The P2P mode can have a plurality of modes. In these modes, for example, the communication apparatus uses a common search request command (for example, a Probe Request frame) between the modes to search for and discover the communication partner apparatus. It is possible to transmit a search request command added with various kinds of attribute information. Normally, if attributes are designated in a search request command, it is recommended that the apparatus which received the search request command transmits a response related to interpretable attributes as widely as possible within the range defined by the specifications of the mode and specifications based on which the mode is defined (Wi-Fi for WFD). Also, in a case in which a piece of uninterpretable information is included in the information (including the aforementioned attributes) added to the search request command, the apparatus which received the search request command can respond based on only information that can be interpreted.

The plurality of modes included in the aforementioned P2P mode can include further modes called a mode A (software AP mode) and a mode B (Wi-Fi Direct mode). For the respective modes, compatible devices may be different, and usable applications may also be different.

FIG. 7 shows an example of the procedure of the wireless connection processing of the mode A (software AP mode). In the software AP mode, one apparatus, out of a communication apparatus and a partner apparatus, functions as a software AP by implementing an access point function by software, and the other apparatus operates as a client that connects to the software AP. Assume that the mobile communication apparatus 200 serves as the client having the role to request various services and that the MFP 300 will serve as the software AP, hereinafter.

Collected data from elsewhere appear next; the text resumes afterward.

(* Fix integers $r\ge 3$ and $k\ge 2$. Let $T_1\ge 2$ be an integer and let $H_1$ be an $r$-graph with vertex set $A^*_{r-1}\cup\{v^r_1\}$ which is $(e_i)_{i=0}^{T_1}$-sequential for a sequence of $r$-sets $(e_i)_{i=0}^{T_1}$ with $v_1^r\in e_i$ for all $i\in[0,T_1]$. Write $e_i^-=e_i\setminus\{v_1^r\}$. For each $j\in[2,2k-1]$, let $H_{2j-1}$ be the $r$-graph obtained from $H_1\setminus\{e_0\}$ by replacing the vertex $v_1^r$ by $v^r_{2j-1}$. For each $j\in[1,k-1]$, let \[H_{4j-2}=\{e\subseteq \{v_{4j-3}^r, v^r_{4j-2}, v^r_{4j-1}\}\cup e_{T_1}^- : |e|=r,\ \{v_{4j-3}^r, v^r_{4j-1}\}\not\subseteq e,\ e_{T_1}^-\not\subseteq e\},\] \[H_{4j}=\{e\subseteq \{v_{4j-1}^r, v^r_{4j}, v^r_{4j+1}\}\cup e_0^- : |e|=r,\ \{v_{4j-1}^r, v^r_{4j+1}\}\not\subseteq e,\ e_0^-\not\subseteq e\}.\] Let $H=\bigcup_{j=1}^{4k-3}H_j$, an $r$-graph with vertex set $A_r^*$. Then, for $T=(2k-1)T_1+4(k-1)$, there exists a sequence of $r$-sets $(e_i)_{i=0}^T$ extending $(e_i)_{i=0}^{T_1}$ such that $H$ is $(e_i)_{i=0}^T$-sequential.
   Context: Fix a positive integer $k$. For every integer $i\ge1$ let $A_i=\{v_1^i,v_2^i,\dots,v_{4k-3}^i\}$ (these sets being pairwise disjoint) and $A_i^*=\bigcup_{j=1}^iA_j$. An $r$-graph is an $r$-uniform hypergraph identified with its edge set; $F_r=K^r_{r+1}$ is the complete $r$-graph on $r+1$ vertices. For an $r$-graph $G_0$ on a vertex set $V$, the $F_r$-bootstrap process in the complete $r$-graph on $V$ is: $G_i=G_{i-1}\cup\{e : e \text{ an } r\text{-subset of } V,\ \exists\, w\in V\setminus e \text{ such that } e\notin G_{i-1} \text{ and every other } r\text{-subset of } e\cup\{w\} \text{ lies in } G_{i-1}\}$ for $i\ge1$; the $r$-sets in $G_i\setminus G_{i-1}$ are those infected at step $i$, and $G_0$ is stationary if $G_1=G_0$. Definition (sequential): Let $r\ge 3$, let $H$ be an $r$-graph with vertex set $V(H)\subseteq A_r^*$, and let $(e_i)_{i=0}^T$ be a sequence of $r$-subsets of $V(H)$ with $e_0\in H$. Then $H$ is $(e_i)_{i=0}^T$-sequential if, for the $F_r$-bootstrap process in the complete $r$-graph on $V(H)$: (i) starting from $H$, the process runs for $T$ steps (becomes stationary after step $T$), infecting only the $r$-set $e_i$ at step $i$ for each $i\in[1,T]$; (ii) $H\setminus\{e_0\}$ is stationary; (iii) starting from $(H\cup\{e_T\})\setminus\{e_0\}$, the process infects only the $r$-set $e_{T-i}$ at step $i$ for each $i\in[1,T]$. *)

theory Defs
  imports Main
begin

text \<open>Vertices v^i_j are encoded as pairs (i, j). The parameter k fixes |A_i| = 4k-3.\<close>

type_synonym vert = "nat \<times> nat"

definition vtx :: "nat \<Rightarrow> nat \<Rightarrow> vert" where
  "vtx i j = (i, j)"

definition Aset :: "nat \<Rightarrow> nat \<Rightarrow> vert set" where
  "Aset k i = {vtx i j | j. 1 \<le> j \<and> j \<le> 4 * k - 3}"

definition Astar :: "nat \<Rightarrow> nat \<Rightarrow> vert set" where
  "Astar k i = (\<Union>j\<in>{1..i}. Aset k j)"

definition is_rgraph :: "nat \<Rightarrow> 'a set \<Rightarrow> 'a set set \<Rightarrow> bool" where
  "is_rgraph r V G \<longleftrightarrow> (\<forall>e\<in>G. e \<subseteq> V \<and> card e = r)"

text \<open>One step of the F_r-bootstrap process in the complete r-graph on V.\<close>
definition boot_step :: "nat \<Rightarrow> 'a set \<Rightarrow> 'a set set \<Rightarrow> 'a set set" where
  "boot_step r V G = G \<union> {e. e \<subseteq> V \<and> card e = r \<and> e \<notin> G \<and>
      (\<exists>w\<in>V - e. \<forall>f. f \<subseteq> insert w e \<and> card f = r \<and> f \<noteq> e \<longrightarrow> f \<in> G)}"

definition boot :: "nat \<Rightarrow> 'a set \<Rightarrow> 'a set set \<Rightarrow> nat \<Rightarrow> 'a set set" where
  "boot r V G0 i = (boot_step r V ^^ i) G0"

definition stationary :: "nat \<Rightarrow> 'a set \<Rightarrow> 'a set set \<Rightarrow> bool" where
  "stationary r V G \<longleftrightarrow> boot_step r V G = G"

definition sequential ::
  "nat \<Rightarrow> nat \<Rightarrow> vert set \<Rightarrow> vert set set \<Rightarrow> (nat \<Rightarrow> vert set) \<Rightarrow> nat \<Rightarrow> bool" where
  "sequential k r V H es T \<longleftrightarrow>
     3 \<le> r \<and> V \<subseteq> Astar k r \<and> is_rgraph r V H \<and>
     (\<forall>i\<le>T. es i \<subseteq> V \<and> card (es i) = r) \<and> es 0 \<in> H \<and>
     (\<forall>i\<in>{1..T}. boot r V H i - boot r V H (i - 1) = {es i}) \<and>
     boot r V H (Suc T) = boot r V H T \<and>
     stationary r V (H - {es 0}) \<and>
     (\<forall>i\<in>{1..T}. boot r V ((H \<union> {es T}) - {es 0}) i
                  - boot r V ((H \<union> {es T}) - {es 0}) (i - 1) = {es (T - i)})"

definition replace_vertex :: "'a \<Rightarrow> 'a \<Rightarrow> 'a set set \<Rightarrow> 'a set set" where
  "replace_vertex x y G = (\<lambda>e. (\<lambda>u. if u = x then y else u) ` e) ` G"

definition gadget :: "nat \<Rightarrow> 'a \<Rightarrow> 'a \<Rightarrow> 'a \<Rightarrow> 'a set \<Rightarrow> 'a set set" where
  "gadget r a b c D = {e. e \<subseteq> {a, b, c} \<union> D \<and> card e = r \<and>
                          \<not> {a, c} \<subseteq> e \<and> \<not> D \<subseteq> e}"

end

theory Submission
  imports Defs
begin

text \<open>The graph \<open>H\<close> consists of \<open>2k - 1\<close> copies of the seed \<open>H\<^sub>1\<close>, on the vertices
  \<open>v\<^sup>r\<^sub>1, v\<^sup>r\<^sub>3, \<dots>, v\<^sup>r\<^sub>4\<^sub>k\<^sub>-\<^sub>3\<close>, with consecutive copies joined by a gadget. An \<open>r\<close>-set that becomes
  infectable is either the image of one that is infectable inside a single copy, or it moves the
  infection one step along a gadget: from the edge where the run of one copy ends, over the middle
  edge of the gadget, to the edge where the run of the next copy starts. As the copies replay the
  run of the seed alternately forwards and backwards, the process runs through copy 0, the two
  remaining edges of gadget 0, copy 1, and so on, one edge per step, for
  \<open>(2k - 1) T\<^sub>1 + 4 (k - 1)\<close> steps. Without \<open>e\<^sub>0\<close> every copy is stationary and no gadget can
  start. Finally the reflection \<open>v\<^sup>r\<^sub>x \<mapsto> v\<^sup>r\<^sub>4\<^sub>k\<^sub>-\<^sub>2\<^sub>-\<^sub>x\<close> carries the forward process of the
  reversed seed onto the reversed process of \<open>H\<close>.\<close>

section \<open>Bootstrap percolation\<close>

definition completes :: "nat \<Rightarrow> 'a set \<Rightarrow> 'a set set \<Rightarrow> 'a \<Rightarrow> 'a set \<Rightarrow> bool" where
  "completes r V G w e \<longleftrightarrow> e \<subseteq> V \<and> card e = r \<and> w \<in> V - e \<and>
     (\<forall>f. f \<subseteq> insert w e \<and> card f = r \<and> f \<noteq> e \<longrightarrow> f \<in> G)"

In the software AP mode, the client searches for a device which will serve as a software AP by using a search request command 701, and the software AP responds by transmitting a search response 702 to the search request command 701. When the software AP is discovered by the client, the remaining wireless connection processing (establishment of a wireless connection and the like) is performed between the client and the software AP, and then IP connection processing (allocation of IP addresses and the like) is executed. Note that as commands and parameters transmitted/received to establish a wireless connection between the client and the software AP, those which are defined by, for example, the Wi-Fi standard or IEEE 802.11 standard are used, and a description thereof will be omitted.

FIG. 8 shows an example of the procedure of the wireless connection processing of the mode B (Wi-Fi Direct (WFD) mode). Note that a device that can communicate by the WFD mode will invoke a dedicated application to implement this communication function in response to accepting, for example, a user operation via the operation unit of the device. Subsequently, a negotiation to perform WFD communication can be executed based on a user operation of an operation screen serving as a UI (user interface) provided by the application. In the WFD mode, after the communication apparatus searches for a partner apparatus by the search request command, the roles of a P2P Group Owner (GO) and a P2P Client (CL) are decided between the communication apparatus and the partner apparatus, and the remaining connection processing is performed. This role decision can be performed by, for example, a GO Negotiation in the WFD standard.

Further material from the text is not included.